### [Task description]
Here is the task for the records below: repeat exactly the lines from the one with "imports Defs" to the one with "yt, while gamma_tilde", both included, and nothing else.

### [Input data]
(* Let $\mu>0$, $L>0$, let $g:\mathbb{R}^n\to\mathbb{R}$ be $\mu$-strongly convex and $(L+\mu)$-smooth, let $h$ be proper closed convex, $\psi=g+h$, and run the ACG method (see context) from $x_0\in\mathbb{R}^n$. Then for every $j\ge0$: (a) $\gamma_j\le\tilde\gamma_j\le\psi$, $\tilde\gamma_j(\tilde y_{j+1})=\gamma_j(\tilde y_{j+1})$, and $$\min_{u\in\mathbb{R}^n}\left\{\tilde\gamma_j(u)+\tfrac L2\|u-\tilde x_j\|^2\right\}=\min_{u\in\mathbb{R}^n}\left\{\gamma_j(u)+\tfrac L2\|u-\tilde x_j\|^2\right\},$$ with both minimization problems having $\tilde y_{j+1}$ as unique optimal solution; (b) $\gamma_j$ and $\Gamma_{j+1}$ are $\mu$-strongly convex quadratic functions; (c) $x_j=\mathrm{argmin}_{u\in\mathbb{R}^n}\{A_j\Gamma_j(u)+\|u-x_0\|^2/2\}$.
   Context: $\ell_g(u;x)=g(x)+\langle\nabla g(x),u-x\rangle$. ACG method: $A_0=0$, $\tau_0=1/L$, $y_0=x_0$; for $j\ge0$: $a_j=\frac{\tau_j+\sqrt{\tau_j^2+4\tau_jA_j}}{2}$, $\tau_{j+1}=\tau_j+\mu a_j/L$, $A_{j+1}=A_j+a_j$, $\tilde x_j=\frac{A_j}{A_{j+1}}y_j+\frac{a_j}{A_{j+1}}x_j$; $\tilde y_{j+1}=\mathrm{argmin}_u\{\ell_g(u;\tilde x_j)+h(u)+\frac{L+\mu}{2}\|u-\tilde x_j\|^2\}$; $y_{j+1}\in\mathrm{Argmin}\{\psi(u):u\in\{y_j,\tilde y_{j+1}\}\}$; $x_{j+1}=\frac{(L+\mu)a_j\tilde y_{j+1}-\frac{A_ja_jL}{A_{j+1}}y_j}{A_{j+1}\mu+1}$. Define $\tilde\gamma_j(u)=\ell_g(u;\tilde x_j)+h(u)+\frac\mu2\|u-\tilde x_j\|^2$, $\gamma_j(u)=\tilde\gamma_j(\tilde y_{j+1})+L\langle\tilde x_j-\tilde y_{j+1},u-\tilde y_{j+1}\rangle+\frac\mu2\|u-\tilde y_{j+1}\|^2$, $\Gamma_0\equiv0$, $\Gamma_{j+1}=(A_j\Gamma_j+a_j\gamma_j)/A_{j+1}$. *)

theory Defs
  imports "HOL-Analysis.Analysis"
begin

definition strongly_convex :: "real \<Rightarrow> ('a::real_inner \<Rightarrow> real) \<Rightarrow> bool" where
  "strongly_convex \<mu> f \<longleftrightarrow>
     (\<forall>x y t. 0 \<le> t \<and> t \<le> 1 \<longrightarrow>
        f (t *\<^sub>R x + (1 - t) *\<^sub>R y)
          \<le> t * f x + (1 - t) * f y - t * (1 - t) * (\<mu> / 2) * (norm (x - y))\<^sup>2)"

definition smooth_with_gradient :: "real \<Rightarrow> ('a::real_inner \<Rightarrow> real) \<Rightarrow> ('a \<Rightarrow> 'a) \<Rightarrow> bool" where
  "smooth_with_gradient M f f' \<longleftrightarrow>
     (\<forall>x. GDERIV f x :> f' x) \<and> (\<forall>x y. norm (f' x - f' y) \<le> M * norm (x - y))"

definition proper_closed_convex :: "('a::real_normed_vector \<Rightarrow> ereal) \<Rightarrow> bool" where
  "proper_closed_convex h \<longleftrightarrow>
     (\<forall>x. h x \<noteq> -\<infinity>) \<and> (\<exists>x. h x \<noteq> \<infinity>) \<and>
     (\<forall>x y t. 0 < t \<and> t < 1 \<longrightarrow>
        h (t *\<^sub>R x + (1 - t) *\<^sub>R y) \<le> ereal t * h x + ereal (1 - t) * h y) \<and>
     closed {(x, r::real). h x \<le> ereal r}"

definition quadratic_fun :: "('a::real_inner \<Rightarrow> real) \<Rightarrow> bool" where
  "quadratic_fun f \<longleftrightarrow>
     (\<exists>Q b c. linear Q \<and> (\<forall>x y. inner (Q x) y = inner x (Q y)) \<and>
        (\<forall>u. f u = c + inner b u + inner u (Q u) / 2))"

definition lin_approx :: "('a::real_inner \<Rightarrow> real) \<Rightarrow> ('a \<Rightarrow> 'a) \<Rightarrow> 'a \<Rightarrow> 'a \<Rightarrow> real" where
  "lin_approx g g' x u = g x + inner (g' x) (u - x)"

definition psi :: "('a \<Rightarrow> real) \<Rightarrow> ('a \<Rightarrow> ereal) \<Rightarrow> 'a \<Rightarrow> ereal" where
  "psi g h u = ereal (g u) + h u"

text \<open>tilde gamma_j, with xt = tilde x_j\<close>
definition gamma_tilde :: "real \<Rightarrow> ('a::real_inner \<Rightarrow> real) \<Rightarrow> ('a \<Rightarrow> 'a) \<Rightarrow> ('a \<Rightarrow> ereal) \<Rightarrow> 'a \<Rightarrow> 'a \<Rightarrow> ereal" where
  "gamma_tilde \<mu> g g' h xt u =
     ereal (lin_approx g g' xt u) + h u + ereal (\<mu> / 2 * (norm (u - xt))\<^sup>2)"

text \<open>gamma_j, with xt = tilde x_j and yt = tilde y_{j+1}\<close>
definition gamma_lin :: "real \<Rightarrow> real \<Rightarrow> ('a::real_inner \<Rightarrow> real) \<Rightarrow> ('a \<Rightarrow> 'a) \<Rightarrow> ('a \<Rightarrow> ereal) \<Rightarrow> 'a \<Rightarrow> 'a \<Rightarrow> 'a \<Rightarrow> real" where
  "gamma_lin L \<mu> g g' h xt yt u =
     real_of_ereal (gamma_tilde \<mu> g g' h xt yt) + L * inner (xt - yt) (u - yt)
       + \<mu> / 2 * (norm (u - yt))\<^sup>2"

primrec Gamma :: "(nat \<Rightarrow> real) \<Rightarrow> (nat \<Rightarrow> real) \<Rightarrow> (nat \<Rightarrow> 'a \<Rightarrow> real) \<Rightarrow> nat \<Rightarrow> 'a \<Rightarrow> real" where
  "Gamma A a gam 0 = (\<lambda>u. 0)"
| "Gamma A a gam (Suc j) = (\<lambda>u. (A j * Gamma A a gam j u + a j * gam j u) / A (Suc j))"

end

theory Submission
  imports Defs
begin

(* The prox-linear step makes yt = yt (Suc j) the minimiser of
   phi = gamma_tilde + L/2 ||. - xt||^2, the sum of a proper convex function and the quadratic
   (L + mu)/2 ||. - xt||^2.  Comparing phi at yt with phi along the segment from yt to any u
   gives the growth  phi u >= phi yt + (L + mu)/2 ||u - yt||^2.  The linearisation gamma is built
   so that  gamma + L/2 ||. - xt||^2 = phi yt + (L + mu)/2 ||. - yt||^2  holds identically; hence
   gamma <= gamma_tilde, both regularised problems have the value phi yt and the unique minimiser
   yt, while gamma_tilde <= psi is the strong-convexity lower bound of g at xt.
   Part (c) is an induction: A_k Gamma_k + ||. - x_0||^2/2 is always a constant plus
   (A_k mu + 1)/2 ||. - x_k||^2, because adding a_k gamma_k and completing the square moves the
   centre exactly to the ACG update x_(k+1).  Dividing by A_(k+1) exhibits Gamma_(k+1) as
   mu/2 ||.||^2 plus an affine function. *)

section \<open>Quadratic and strongly convex functions\<close>

lemma norm_diff_power2:
  fixes u x :: "'a::real_inner"
  shows "(norm (u - x))\<^sup>2 = (norm u)\<^sup>2 - 2 * inner u x + (norm x)\<^sup>2"
  by (simp add: power2_norm_eq_inner inner_diff_left inner_diff_right inner_commute)

lemma norm_convex_combination_diff_power2:
  fixes w z x :: "'a::real_inner"
  shows "(norm (t *\<^sub>R w + (1 - t) *\<^sub>R z - x))\<^sup>2
     = t * (norm (w - x))\<^sup>2 + (1 - t) * (norm (z - x))\<^sup>2 - t * (1 - t) * (norm (w - z))\<^sup>2"
proof -
  have "t *\<^sub>R w + (1 - t) *\<^sub>R z - x = t *\<^sub>R (w - x) + (1 - t) *\<^sub>R (z - x)"
    by (simp add: algebra_simps)
  moreover have "w - z = (w - x) - (z - x)" by simp
  ultimately show ?thesis
    by (simp only: power2_norm_eq_inner inner_add_left inner_add_right inner_diff_left
        inner_diff_right inner_scaleR_left inner_scaleR_right inner_commute[of "z - x" "w - x"])
      (simp add: algebra_simps power2_eq_square)
qed

lemma complete_square:
  fixes p q w z :: "'a::real_inner"
  assumes P: "P = B + C" and z: "P *\<^sub>R z = B *\<^sub>R p + C *\<^sub>R q - w"
  shows "\<exists>K. \<forall>u. B / 2 * (norm (u - p))\<^sup>2 + C / 2 * (norm (u - q))\<^sup>2 + inner w u
                = K + P / 2 * (norm (u - z))\<^sup>2"
proof (intro exI allI)
  fix u
  have w: "inner w u = B * inner u p + C * inner u q - P * inner u z"
    using arg_cong[OF z, of "inner u"] by (simp add: inner_diff_right inner_add_right inner_commute)
  show "B / 2 * (norm (u - p))\<^sup>2 + C / 2 * (norm (u - q))\<^sup>2 + inner w u
      = (B / 2 * (norm p)\<^sup>2 + C / 2 * (norm q)\<^sup>2 - P / 2 * (norm z)\<^sup>2) + P / 2 * (norm (u - z))\<^sup>2"
    unfolding norm_diff_power2 w P by (simp add: field_simps)
qed
theorem markov_eigenvalue_iff_bounded_eigenfunction:
  "markov_eigenvalue \<mu> \<eta> \<longleftrightarrow> (\<exists>f\<in>linfty. f \<noteq> (\<lambda>_. 0) \<and> conv_mu f \<mu> = (\<lambda>x. \<eta> * f x))"
proof
  assume "markov_eigenvalue \<mu> \<eta>"
  then obtain T \<xi> where T: "bounded_op T" and "\<xi> \<in> l2" "T \<xi> \<noteq> (\<lambda>_. 0)"
    and eigen: "\<And>\<zeta>. \<zeta> \<in> l2 \<Longrightarrow> markov_op \<mu> T \<zeta> = (\<lambda>x. \<eta> * T \<zeta> x)"
    unfolding markov_eigenvalue_def by blast
  obtain z where "T (delta z) \<noteq> (\<lambda>_. 0)"
    using bounded_op_delta_nonzero[OF T \<open>\<xi> \<in> l2\<close> \<open>T \<xi> \<noteq> (\<lambda>_. 0)\<close>] .
  then obtain x where "T (delta z) x \<noteq> 0" by auto
  define f where "f = diagonal T (z - x)"
  have "f x \<noteq> 0" using \<open>T (delta z) x \<noteq> 0\<close> by (simp add: f_def diagonal_def)
  moreover have "conv_mu f \<mu> y = \<eta> * f y" for y
    using eigen[OF delta_in_l2, of "z - x + y"] markov_op_diagonal[of \<mu> T "z - x" y]
    by (simp add: f_def diagonal_def)
  moreover have "f \<in> linfty" unfolding f_def by (rule diagonal_in_linfty[OF T])
  ultimately show "\<exists>f\<in>linfty. f \<noteq> (\<lambda>_. 0) \<and> conv_mu f \<mu> = (\<lambda>x. \<eta> * f x)"
    by (intro bexI[of _ f] conjI ext) auto
next
  assume "\<exists>f\<in>linfty. f \<noteq> (\<lambda>_. 0) \<and> conv_mu f \<mu> = (\<lambda>x. \<eta> * f x)"
  then obtain f where f: "f \<in> linfty" "f \<noteq> (\<lambda>_. 0)" "conv_mu f \<mu> = (\<lambda>x. \<eta> * f x)"
    by blast
  then obtain x where "f x \<noteq> 0" by auto
  show "markov_eigenvalue \<mu> \<eta>"
    unfolding markov_eigenvalue_def
  proof (intro exI[of _ "\<lambda>\<xi> y. f y * \<xi> y"] conjI bexI[of _ "delta x"] ballI)
    show "bounded_op (\<lambda>\<xi> y. f y * \<xi> y)" by (rule bounded_op_multiplication[OF f(1)])
    show "(\<lambda>y. f y * delta x y) \<noteq> (\<lambda>_. 0)"
      using \<open>f x \<noteq> 0\<close> by (auto simp: delta_def fun_eq_iff)
    show "markov_op \<mu> (\<lambda>\<xi> y. f y * \<xi> y) \<xi> = (\<lambda>y. \<eta> * (f y * \<xi> y))" for \<xi>
      by (simp add: markov_op_multiplication f(3) mult.assoc)
  qed (rule delta_in_l2)
qed
(* Let $f_0,\dots,f_n$ be meromorphic functions. For all $x\in\mathbb{C}$ with $|x|>\mathcal{R}(n,q)$ and every choice $\delta_0,\dots,\delta_{n-1}\in\{1,-1\}$, $$\mathcal{W}(f_0,\dots,f_n)(x)=\det\big(\eta_q^{\delta_i(n-i)}\mathcal{D}_q^if_j\big)_{0\le i,j\le n}(x)$$ (with $\delta_n(n-n)=0$, so the last row is $\mathcal{D}_q^nf_j$), and $$\mathcal{W}(f_0,\dots,f_n)(x)=\det\big(\eta_q^{n-2i}f_j\big)_{0\le i,j\le n}(x)\cdot\prod_{i=1}^{n}\prod_{j=1}^{i}\frac{-1}{\eta_q^{i-2j+2}x-\eta_q^{i-2j}x}.$$
   Context: Fix $q\in\mathbb{C}$ with $0<|q|<1$. Every $x\in\mathbb{C}$ is written uniquely as $x=\frac{z+z^{-1}}{2}$ with $|z|\ge 1$ (when $|z|=1$, $z=x+i\sqrt{1-x^2}$). $(\eta_q f)(x)=f\big(\tfrac{q^{1/2}z+q^{-1/2}z^{-1}}{2}\big)$, $(\eta_q^{-1}f)(x)=f\big(\tfrac{q^{-1/2}z+q^{1/2}z^{-1}}{2}\big)$, $\eta_q^0f=f$, $\eta_q^{k}=\eta_q\circ\eta_q^{k-1}$, $\eta_q^{-k}=\eta_q^{-1}\circ\eta_q^{-(k-1)}$; $(\eta_{q^{\pm k}}f)(x)=f\big(\tfrac{q^{\pm k/2}z+q^{\mp k/2}z^{-1}}{2}\big)$; $\eta_q^kx$ denotes $\eta_q^k$ applied to the identity map. $\mathcal{R}(n,q)>0$ is a constant such that for $|x|>\mathcal{R}(n,q)$ (e.g. whenever $|z|>|q|^{-n/2}$) one has $\eta_q^{\pm k}f=\eta_{q^{\pm k}}f$ for $0\le k\le n$ and $\eta_q^{-m_1}\eta_q^{m_2}=\eta_q^{m_2}\eta_q^{-m_1}=\eta_q^{m_2-m_1}$ for $0\le m_1,m_2\le n$. Askey-Wilson operator $(\mathcal{D}_qf)(x)=\frac{(\eta_qf)(x)-(\eta_q^{-1}f)(x)}{\eta_qx-\eta_q^{-1}x}$ ($x\ne\pm1$; limit at $\pm1$), $\mathcal{D}_q^0f=f$, $\mathcal{D}_q^k=\mathcal{D}_q\circ\mathcal{D}_q^{k-1}$; $(\mathcal{A}_{q^k}f)(x)=\frac{(\eta_{q^k}f)(x)+(\eta_{q^{-k}}f)(x)}{2}$, $\mathcal{A}_{q^0}f=f$. The Askey-Wilson Wronskian-Casorati determinant is $\mathcal{W}(f_0,\dots,f_n)(x)=\det\big(\mathcal{A}_{q^{n-i}}\mathcal{D}_q^{i}f_j\big)_{0\le i,j\le n}(x)$ (row index $i$, column index $j$). *)

theory Defs
  imports "HOL-Complex_Analysis.Complex_Analysis" "Jordan_Normal_Form.Determinant"
begin

text \<open>Joukowski parametrisation: x = (z + 1/z)/2 with |z| \<ge> 1; on the cut [-1,1]
  (the only place where |z| = 1) the convention z = x + i sqrt(1 - x^2).\<close>
definition zOf :: "complex \<Rightarrow> complex" where
  "zOf x = (if x \<in> \<real> \<and> \<bar>Re x\<bar> \<le> 1 then x + \<i> * complex_of_real (sqrt (1 - (Re x)\<^sup>2))
            else (THE z. norm z \<ge> 1 \<and> x = (z + inverse z) / 2))"

definition qh :: "complex \<Rightarrow> complex" where "qh q = csqrt q"

definition eta :: "complex \<Rightarrow> (complex \<Rightarrow> complex) \<Rightarrow> complex \<Rightarrow> complex" where
  "eta q f x = f ((qh q * zOf x + inverse (qh q) * inverse (zOf x)) / 2)"

definition etainv :: "complex \<Rightarrow> (complex \<Rightarrow> complex) \<Rightarrow> complex \<Rightarrow> complex" where
  "etainv q f x = f ((inverse (qh q) * zOf x + qh q * inverse (zOf x)) / 2)"

definition etaIt :: "complex \<Rightarrow> int \<Rightarrow> (complex \<Rightarrow> complex) \<Rightarrow> complex \<Rightarrow> complex" where
  "etaIt q k = (if k \<ge> 0 then eta q ^^ nat k else etainv q ^^ nat (- k))"

definition etaQ :: "complex \<Rightarrow> int \<Rightarrow> (complex \<Rightarrow> complex) \<Rightarrow> complex \<Rightarrow> complex" where
  "etaQ q k f x = f ((qh q powi k * zOf x + qh q powi (- k) * inverse (zOf x)) / 2)"

definition avg :: "complex \<Rightarrow> nat \<Rightarrow> (complex \<Rightarrow> complex) \<Rightarrow> complex \<Rightarrow> complex" where
  "avg q k f x = (if k = 0 then f x else (etaQ q (int k) f x + etaQ q (- int k) f x) / 2)"

definition AWD :: "complex \<Rightarrow> (complex \<Rightarrow> complex) \<Rightarrow> complex \<Rightarrow> complex" where
  "AWD q f x = (if x = 1 \<or> x = -1
     then Lim (at x) (\<lambda>y. (eta q f y - etainv q f y) / (eta q (\<lambda>t. t) y - etainv q (\<lambda>t. t) y))
     else (eta q f x - etainv q f x) / (eta q (\<lambda>t. t) x - etainv q (\<lambda>t. t) x))"

definition AWDpow :: "complex \<Rightarrow> nat \<Rightarrow> (complex \<Rightarrow> complex) \<Rightarrow> complex \<Rightarrow> complex" where
  "AWDpow q k = AWD q ^^ k"

definition AWW :: "complex \<Rightarrow> nat \<Rightarrow> (nat \<Rightarrow> complex \<Rightarrow> complex) \<Rightarrow> complex \<Rightarrow> complex" where
  "AWW q n f x = det (mat (n+1) (n+1) (\<lambda>(i,j). avg q (n - i) (AWDpow q i (f j)) x))"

### [Answer space]
  imports Defs
begin

(* The prox-linear step makes yt = yt (Suc j) the minimiser of
   phi = gamma_tilde + L/2 ||. - xt||^2, the sum of a proper convex function and the quadratic
   (L + mu)/2 ||. - xt||^2.  Comparing phi at yt with phi along the segment from yt to any u
   gives the growth  phi u >= phi yt + (L + mu)/2 ||u - yt||^2.  The linearisation gamma is built
   so that  gamma + L/2 ||. - xt||^2 = phi yt + (L + mu)/2 ||. - yt||^2  holds identically; hence
   gamma <= gamma_tilde, both regularised problems have the value phi yt and the unique minimiser
   yt, while gamma_tilde <= psi is the strong-convexity lower bound of g at xt.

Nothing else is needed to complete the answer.